Where you are a company or other corporate or unincorporated entity, we act only for the person who instructed us. We do not act for the shareholders, other directors or members or the beneficiaries of any Trust unless we expressly agree otherwise. We may require personal guarantees to be executed by any or all director(s) and/or trustee(s). Where only one director/trustee executes a personal guarantee, the guarantee given by any of a trustee, partner, director or executor will bind all other similar persons on a joint and several basis whether or not they individually agreed to the terms.  These terms are not affected by any change to the Cowan Law partnership or operating structure.


We are committed to complying with the Rules of Conduct and Client Care for Lawyers.   To assist you, the following information describes some key elements of those rules and explains rights you have as a consumer of legal services.

25. Client Care and Services

Whatever legal services we are providing, we must:

  • Act competently, in a timely way, and in accordance with instructions received and arrangements made.
  • Protect and promote your interests and act for you free from compromising influences or loyalties.
  • Discuss your objectives with you and how they would best be achieved.
  • Provide you with information about the work to be done, who will do it and the way the services will be provided.
  • Charge you a fee that is fair and reasonable and let you know how and when you will be billed.
  • Give you clear information and advice.
  • Protect your privacy and ensure appropriate confidentiality.
  • Treat you fairly, respectfully and without discrimination.
  • Keep you informed about the work being done and advise you when it is completed.
  • Let you know how to make a complaint and deal with any complaint promptly and fairly.

These obligations are subject to other overriding duties, including our duty to the Courts and the justice system of New Zealand.

26. Your Commitment to us

In return for the commitment, we make to you, you will:

  • Provide full honest disclosure of all relevant information and matters from the outset and during the entire time of our representation, in a timely way and required by us to facilitate our ethical and professional ability to act on your behalf.
  • Comply with all New Zealand legislation and AML, FATCA and CRA and tax legislation.
  • Promptly advise us, particularly if anything changes, with respect to your instructions.
  • Agree to pay our fees, expenses and disbursements upon invoice in full and without delay.
  • Promptly advise us if you wish us to stop working on your behalf, at which point you will be liable for the fees, disbursements and expenses incurred on your behalf up to that date.

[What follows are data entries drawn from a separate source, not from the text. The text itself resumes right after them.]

lemma transition_matrix_add:
  assumes "finite V" "u \<in> V"
  shows "(\<Sum>w\<in>V. transition_matrix V E s u w * transition_matrix V E t w v) = transition_matrix V E (s + t) u v"
proof -
  let ?T = "transition_term V E" and ?A = "adjacency_matrix E"
  define x y where "x = \<i> * complex_of_real s" and "y = \<i> * complex_of_real t"
  have "(\<lambda>k. \<Sum>w\<in>V. \<Sum>j\<le>k. ?T s u w j * ?T t w v (k - j))
          sums (\<Sum>w\<in>V. transition_matrix V E s u w * transition_matrix V E t w v)"
    using Cauchy_product_sums[OF summable_norm_transition_term summable_norm_transition_term]
    by (intro sums_sum) (simp add: transition_term_sums[THEN sums_unique])
  moreover have "(\<Sum>w\<in>V. \<Sum>j\<le>k. ?T s u w j * ?T t w v (k - j)) = ?T (s + t) u v k" for k
  proof -
    have "(\<Sum>w\<in>V. \<Sum>j\<le>k. ?T s u w j * ?T t w v (k - j))
        = (\<Sum>j\<le>k. (x ^ j /\<^sub>R fact j) * (y ^ (k - j) /\<^sub>R fact (k - j))
                     * (\<Sum>w\<in>V. mat_pow V ?A j u w * mat_pow V ?A (k - j) w v))"
      by (subst sum.swap) (simp add: transition_term_def x_def y_def sum_distrib_left
          scaleR_conv_of_real divide_inverse mult_ac)
    also have "\<dots> = (\<Sum>j\<le>k. (x ^ j /\<^sub>R fact j) * (y ^ (k - j) /\<^sub>R fact (k - j))) * mat_pow V ?A k u v"
      unfolding sum_distrib_right
    proof (intro sum.cong refl)
      fix j assume "j \<in> {..k}"
      then have "mat_pow V ?A k u v = (\<Sum>w\<in>V. mat_pow V ?A j u w * mat_pow V ?A (k - j) w v)"
        using mat_pow_add[OF assms, of ?A j "k - j" v] by simp
      then show "(x ^ j /\<^sub>R fact j) * (y ^ (k - j) /\<^sub>R fact (k - j))
            * (\<Sum>w\<in>V. mat_pow V ?A j u w * mat_pow V ?A (k - j) w v)
          = (x ^ j /\<^sub>R fact j) * (y ^ (k - j) /\<^sub>R fact (k - j)) * mat_pow V ?A k u v"
        by simp
    qed
    also have "\<dots> = (x + y) ^ k /\<^sub>R fact k * mat_pow V ?A k u v"
      using exp_series_add_commuting[of x y k] by (simp add: mult.commute)
    also have "\<dots> = ?T (s + t) u v k"
      unfolding transition_term_def scaleR_conv_of_real
      by (simp add: x_def y_def distrib_left divide_inverse mult.commute)
    finally show ?thesis .
  qed
  ultimately show ?thesis
    by (simp add: sums_unique2[OF _ transition_term_sums])
qed

lemma cnj_transition_matrix:
  assumes "finite V" "\<forall>x\<in>V. \<forall>y\<in>V. E x y = E y x" "u \<in> V" "v \<in> V"
  shows "cnj (transition_matrix V E t u v) = transition_matrix V E (- t) v u"
proof -
  have "cnj (transition_term V E t u v m) = transition_term V E (- t) v u m" for m
    using mat_pow_real[of "adjacency_matrix E"] mat_pow_sym[of V "adjacency_matrix E"] assms
    by (simp add: transition_term_def adjacency_matrix_def)
  moreover have "(\<lambda>m. cnj (transition_term V E t u v m)) sums cnj (transition_matrix V E t u v)"
    using sums_cnj[THEN iffD2, OF transition_term_sums] .
  ultimately have "transition_term V E (- t) v u sums cnj (transition_matrix V E t u v)"
    by simp
  then show ?thesis
    by (rule sums_unique2[OF _ transition_term_sums])
qed

lemma transition_matrix_row_norm:
  assumes "finite V" "\<forall>x\<in>V. \<forall>y\<in>V. E x y = E y x" "u \<in> V"
  shows "(\<Sum>w\<in>V. (cmod (transition_matrix V E t u w))\<^sup>2) = 1"
proof -
  have "complex_of_real (\<Sum>w\<in>V. (cmod (transition_matrix V E t u w))\<^sup>2)
      = (\<Sum>w\<in>V. transition_matrix V E t u w * cnj (transition_matrix V E t u w))"
    by (simp only: of_real_sum complex_norm_square)
  also have "\<dots> = (\<Sum>w\<in>V. transition_matrix V E t u w * transition_matrix V E (- t) w u)"
    using assms by (intro sum.cong) (simp_all add: cnj_transition_matrix)
  also have "\<dots> = 1"
    using transition_matrix_add[OF assms(1,3), of E t "- t" u] by (simp add: transition_matrix_zero)
  finally show ?thesis
    using of_real_eq_1_iff by blast
qed

lemma transition_matrix_automorphism:
  assumes "bij_betw \<sigma> V V" "\<forall>x\<in>V. \<forall>y\<in>V. E (\<sigma> x) (\<sigma> y) = E x y" "u \<in> V" "v \<in> V"
  shows "transition_matrix V E t (\<sigma> u) (\<sigma> v) = transition_matrix V E t u v"
  using mat_pow_automorphism[of \<sigma> V "adjacency_matrix E"] assms
  by (simp add: transition_matrix_def adjacency_matrix_def)

lemma transition_matrix_sq_norm_le_half:
  assumes fin: "finite V" and sym: "\<forall>x\<in>V. \<forall>y\<in>V. E x y = E y x"
    and aut: "bij_betw \<sigma> V V" "\<forall>x\<in>V. \<forall>y\<in>V. E (\<sigma> x) (\<sigma> y) = E x y"
    and "u \<in> V" "v \<in> V" "\<sigma> u = u" "\<sigma> v \<noteq> v"
  shows "(cmod (transition_matrix V E t u v))\<^sup>2 \<le> 1 / 2"
proof -
  let ?h = "\<lambda>w. (cmod (transition_matrix V E t u w))\<^sup>2"
  have "\<sigma> v \<in> V" using aut(1) \<open>v \<in> V\<close> by (auto simp: bij_betw_def)
  have "?h (\<sigma> v) = ?h v"
    using transition_matrix_automorphism[OF aut \<open>u \<in> V\<close> \<open>v \<in> V\<close>] \<open>\<sigma> u = u\<close> by simp
  then have "2 * ?h v = (\<Sum>w\<in>{v, \<sigma> v}. ?h w)"
    using \<open>\<sigma> v \<noteq> v\<close> by simp
  also have "\<dots> \<le> (\<Sum>w\<in>V. ?h w)"
    using fin \<open>v \<in> V\<close> \<open>\<sigma> v \<in> V\<close> by (intro sum_mono2) auto
  also have "\<dots> = 1"
    using transition_matrix_row_norm[OF fin sym \<open>u \<in> V\<close>] .
  finally show ?thesis by simp
qed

27. People Responsible for the Work

The names and status of the person(s) who have overall responsibility for your work will be set out in our letter of engagement.

28. Complaints

We maintain a procedure for managing any complaints by clients, designed to ensure that a complaint is dealt with promptly and fairly and by a senior staff member of Cowan Law.  If you have any concerns or complaints about staff, or actions taken by Cowan Law, or our fees, please contact our Managing Partner in the first instance by email to doug.cowan@cowanlaw.co.nz or through other means of communication set out on our website, www.cowanlaw.co.nz.  If the complaint is about Doug Cowan, you may contact Angie Burling, Partner by email to angie.burling@cowanlaw.co.nz etc.  We are committed to resolving any issues as soon as possible. The New Zealand Law Society (“NZLS”) also operates a complaints service and you can contact them on 0800 261 801 or by emailing complaints@lawsociety.org.nz or PO Box 5041, Wellington 6140 or Level 4, 17 Whitmore Street, Wellington. We strongly encourage our clients to raise issues with us first.

29. Professional Indemnity Insurance

We hold professional indemnity insurance that meets or exceeds the minimum standards specified by NZLS.

30. Lawyers Fidelity Fund

NZLS maintains the Lawyers Fidelity Fund for the purpose of enabling clients of lawyers with protection against pecuniary loss arising from theft by lawyers.  There are maximum amounts payable under the LCA.  We refer clients to the NZLS website in respect of information relating to the Fidelity Fund.